Segment Start: Records for this task

lemma norm4_4_scaleR: "norm4_4 (c *\<^sub>R u) = c ^ 4 * norm4_4 u"
  by (simp add: norm4_4_def sum_distrib_left power_mult_distrib)

lemma norm4_4_add_scaleR:
  "norm4_4 (z + s *\<^sub>R v) = norm4_4 z
    + 4 * s * (\<Sum>k\<in>UNIV. (cmod (z$k))\<^sup>2 * Re (cnj (z$k) * v$k))
    + s\<^sup>2 * (4 * (\<Sum>k\<in>UNIV. (Re (cnj (z$k) * v$k))\<^sup>2) + 2 * (\<Sum>k\<in>UNIV. (cmod (z$k))\<^sup>2 * (cmod (v$k))\<^sup>2))
    + 4 * s ^ 3 * (\<Sum>k\<in>UNIV. (cmod (v$k))\<^sup>2 * Re (cnj (z$k) * v$k))
    + s ^ 4 * norm4_4 v"
proof -
  have "(cmod (z$k + s *\<^sub>R v$k)) ^ 4
      = ((cmod (z$k))\<^sup>2 + 2 * s * Re (cnj (z$k) * v$k) + s\<^sup>2 * (cmod (v$k))\<^sup>2)\<^sup>2" for k unfolding cmod_add_scaleR_power2[symmetric] by simp
  then show ?thesis
    by (simp add: norm4_4_def sum.distrib sum_distrib_left power2_eq_square power3_eq_cube
        power4_eq_xxxx algebra_simps)
qed

lemma fobj_sphere_retraction:
  assumes "hermitian A" "stationary A \<beta> z" "tangent z v" "norm v = 1"
  shows "2 * (1 + s\<^sup>2)\<^sup>2 * (fobj A \<beta> (sphere_retraction z v s) - fobj A \<beta> z)
    = s\<^sup>2 * Hf A \<beta> z v + 4 * s ^ 3 * H3 \<beta> z v + 2 * s ^ 4 * (fobj A \<beta> v - fobj A \<beta> z)"
proof -
  define a where "a = (\<Sum>k\<in>UNIV. (cmod (z$k))\<^sup>2 * Re (cnj (z$k) * v$k))"
  define b where "b = (\<Sum>k\<in>UNIV. (cmod (v$k))\<^sup>2 * Re (cnj (z$k) * v$k))"
  define p where "p = (\<Sum>k\<in>UNIV. (cmod (z$k))\<^sup>2 * (cmod (v$k))\<^sup>2)"
  define r where "r = (\<Sum>k\<in>UNIV. (Re (cnj (z$k) * v$k))\<^sup>2)"
  define lambda where "lambda = lam A \<beta> z"
  have vz: "v \<bullet> z = 0" using assms(3) by (simp add: tangent_iff_inner)
  have q: "qform A (z + s *\<^sub>R v) = qform A z - 4 * \<beta> * s * a + s\<^sup>2 * qform A v"
    using inner_matrix_vector_mult_stationary[OF assms(2), of v] vz
    by (simp add: qform_add_scaleR[OF assms(1)] a_def)
  have n4: "norm4_4 (z + s *\<^sub>R v)
      = norm4_4 z + 4 * s * a + s\<^sup>2 * (4 * r + 2 * p) + 4 * s ^ 3 * b + s ^ 4 * norm4_4 v"
    unfolding norm4_4_add_scaleR a_def b_def p_def r_def ..
  have "(\<Sum>k\<in>UNIV. (cmod (v$k))\<^sup>2) = 1"
    using assms(4) by (simp add: norm_vec_def L2_set_def)
  then have "(\<Sum>k\<in>UNIV. (2 * \<beta> * (cmod (z$k))\<^sup>2 - 2 * lambda) * (cmod (v$k))\<^sup>2)
      = 2 * \<beta> * p - 2 * lambda"
    by (simp add: p_def left_diff_distrib sum_subtractf sum_distrib_left mult.assoc
        flip: sum_distrib_left)
  then have hf: "Hf A \<beta> z v = qform A v + 2 * \<beta> * p - 2 * lambda + 4 * \<beta> * r"
    by (simp add: Hf_def qform_shifted r_def lambda_def mult.commute)
  have h3: "H3 \<beta> z v = \<beta> * (b - a)"
    by (simp add: H3_def a_def b_def left_diff_distrib sum_subtractf)
  have "2 * (1 + s\<^sup>2)\<^sup>2 * fobj A \<beta> (sphere_retraction z v s)
      = (1 + s\<^sup>2) * qform A (z + s *\<^sub>R v) + \<beta> * norm4_4 (z + s *\<^sub>R v)"
  proof -
    define N where "N = 1 + s\<^sup>2"
    have "N > 0" by (simp add: N_def add_pos_nonneg)
    then have c2: "(1 / sqrt N)\<^sup>2 = 1 / N" by (simp add: power_divide)
    then have c4: "(1 / sqrt N) ^ 4 = 1 / N\<^sup>2"
      by (metis power2_eq_square power_one_over numeral_Bit0 power_add)
    from \<open>N > 0\<close> show ?thesis
      unfolding sphere_retraction_def N_def[symmetric] fobj_def qform_scaleR norm4_4_scaleR c2 c4
      by (simp add: field_simps power2_eq_square)
  qed
  then show ?thesis
    unfolding right_diff_distrib q n4 hf h3
    by (simp add: fobj_def lambda_def lam_def power2_eq_square power3_eq_cube power4_eq_xxxx
        algebra_simps)
qed

lemma Gfun_reciprocal:
  assumes "s \<noteq> 0"
  shows "s ^ 4 * Gfun A \<beta> z v (1 / s)
    = s\<^sup>2 * Hf A \<beta> z v + 4 * s ^ 3 * H3 \<beta> z v + 2 * s ^ 4 * (fobj A \<beta> v - fobj A \<beta> z)"
  using assms by (simp add: Gfun_def field_simps power2_eq_square power3_eq_cube power4_eq_xxxx)

lemma fobj_le_sphere_retraction_iff:
  assumes "hermitian A" "stationary A \<beta> z" "tangent z v" "norm v = 1" "s \<noteq> 0"
  shows "fobj A \<beta> z \<le> fobj A \<beta> (sphere_retraction z v s) \<longleftrightarrow> 0 \<le> Gfun A \<beta> z v (1 / s)"
proof -
  have "1 + s\<^sup>2 > 0" by (simp add: add_pos_nonneg)
  then have "fobj A \<beta> z \<le> fobj A \<beta> (sphere_retraction z v s) \<longleftrightarrow>
      0 \<le> 2 * (1 + s\<^sup>2)\<^sup>2 * (fobj A \<beta> (sphere_retraction z v s) - fobj A \<beta> z)"
    by (simp add: zero_le_mult_iff)
  also have "\<dots> \<longleftrightarrow> 0 \<le> s ^ 4 * Gfun A \<beta> z v (1 / s)"
    unfolding fobj_sphere_retraction[OF assms(1-4)] Gfun_reciprocal[OF assms(5)] ..
  also have "\<dots> \<longleftrightarrow> 0 \<le> Gfun A \<beta> z v (1 / s)"
    using assms(5) by (simp add: zero_le_mult_iff)
  finally show ?thesis .
qed

theorem theorem2:
  fixes A :: "complex^'n^'n" and \<beta> :: real and z :: "complex^'n"
  assumes "hermitian A" and "\<beta> > 0" and "stationary A \<beta> z"
  shows "local_min_sphere A \<beta> z \<longleftrightarrow>
    (\<exists>M>0. \<forall>v t. tangent z v \<and> norm v = 1 \<and> \<bar>t\<bar> \<ge> M \<longrightarrow> Gfun A \<beta> z v t \<ge> 0)"
proof -
  let ?f = "fobj A \<beta>"
  have z1: "norm z = 1" using assms(3) by (simp add: stationary_def)
  have "local_min_sphere A \<beta> z \<longleftrightarrow>
      (\<exists>\<delta>>0. \<forall>v s. norm v = 1 \<and> v \<bullet> z = 0 \<and> \<bar>s\<bar> < \<delta> \<longrightarrow> ?f z \<le> ?f (sphere_retraction z v s))"
    using local_min_on_sphere_iff_retraction[OF z1, of ?f] z1 by (simp add: local_min_sphere_def)
  also have "\<dots> \<longleftrightarrow> (\<exists>\<delta>>0. \<forall>v s. (tangent z v \<and> norm v = 1) \<and> s \<noteq> 0 \<and> \<bar>s\<bar> < \<delta>
      \<longrightarrow> 0 \<le> Gfun A \<beta> z v (1 / s))"
  proof -
    have "(norm v = 1 \<and> v \<bullet> z = 0 \<and> \<bar>s\<bar> < \<delta> \<longrightarrow> ?f z \<le> ?f (sphere_retraction z v s)) \<longleftrightarrow>
      ((tangent z v \<and> norm v = 1) \<and> s \<noteq> 0 \<and> \<bar>s\<bar> < \<delta> \<longrightarrow> 0 \<le> Gfun A \<beta> z v (1 / s))" for v s \<delta>
      using fobj_le_sphere_retraction_iff[OF assms(1,3)]
      by (cases "s = 0") (auto simp: tangent_iff_inner)
    then show ?thesis by simp
  qed
  also have "\<dots> \<longleftrightarrow> (\<exists>M>0. \<forall>v t. tangent z v \<and> norm v = 1 \<and> \<bar>t\<bar> \<ge> M \<longrightarrow> Gfun A \<beta> z v t \<ge> 0)"
    using ex_small_iff_ex_large_reciprocal
      [of "\<lambda>v. tangent z v \<and> norm v = 1" "\<lambda>v t. 0 \<le> Gfun A \<beta> z v t"]
    by simp
  finally show ?thesis .
qed

end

Segment End: Records for this task

From the material above, set down exactly the lines between the line holding "lambda) * (cmod (v$k))\<^sup>2)" and the line holding "(simp add: add_pos_nonneg)", inclusive. Include nothing else.

  then have "(\<Sum>k\<in>UNIV. (2 * \<beta> * (cmod (z$k))\<^sup>2 - 2 * lambda) * (cmod (v$k))\<^sup>2)
      = 2 * \<beta> * p - 2 * lambda"
    by (simp add: p_def left_diff_distrib sum_subtractf sum_distrib_left mult.assoc
        flip: sum_distrib_left)
  then have hf: "Hf A \<beta> z v = qform A v + 2 * \<beta> * p - 2 * lambda + 4 * \<beta> * r"
    by (simp add: Hf_def qform_shifted r_def lambda_def mult.commute)
  have h3: "H3 \<beta> z v = \<beta> * (b - a)"
    by (simp add: H3_def a_def b_def left_diff_distrib sum_subtractf)
  have "2 * (1 + s\<^sup>2)\<^sup>2 * fobj A \<beta> (sphere_retraction z v s)
      = (1 + s\<^sup>2) * qform A (z + s *\<^sub>R v) + \<beta> * norm4_4 (z + s *\<^sub>R v)"
  proof -
    define N where "N = 1 + s\<^sup>2"
    have "N > 0" by (simp add: N_def add_pos_nonneg)
    then have c2: "(1 / sqrt N)\<^sup>2 = 1 / N" by (simp add: power_divide)
    then have c4: "(1 / sqrt N) ^ 4 = 1 / N\<^sup>2"
      by (metis power2_eq_square power_one_over numeral_Bit0 power_add)
    from \<open>N > 0\<close> show ?thesis
      unfolding sphere_retraction_def N_def[symmetric] fobj_def qform_scaleR norm4_4_scaleR c2 c4
      by (simp add: field_simps power2_eq_square)
  qed
  then show ?thesis
    unfolding right_diff_distrib q n4 hf h3
    by (simp add: fobj_def lambda_def lam_def power2_eq_square power3_eq_cube power4_eq_xxxx
        algebra_simps)
qed

lemma Gfun_reciprocal:
  assumes "s \<noteq> 0"
  shows "s ^ 4 * Gfun A \<beta> z v (1 / s)
    = s\<^sup>2 * Hf A \<beta> z v + 4 * s ^ 3 * H3 \<beta> z v + 2 * s ^ 4 * (fobj A \<beta> v - fobj A \<beta> z)"
  using assms by (simp add: Gfun_def field_simps power2_eq_square power3_eq_cube power4_eq_xxxx)

lemma fobj_le_sphere_retraction_iff:
  assumes "hermitian A" "stationary A \<beta> z" "tangent z v" "norm v = 1" "s \<noteq> 0"
  shows "fobj A \<beta> z \<le> fobj A \<beta> (sphere_retraction z v s) \<longleftrightarrow> 0 \<le> Gfun A \<beta> z v (1 / s)"
proof -
  have "1 + s\<^sup>2 > 0" by (simp add: add_pos_nonneg)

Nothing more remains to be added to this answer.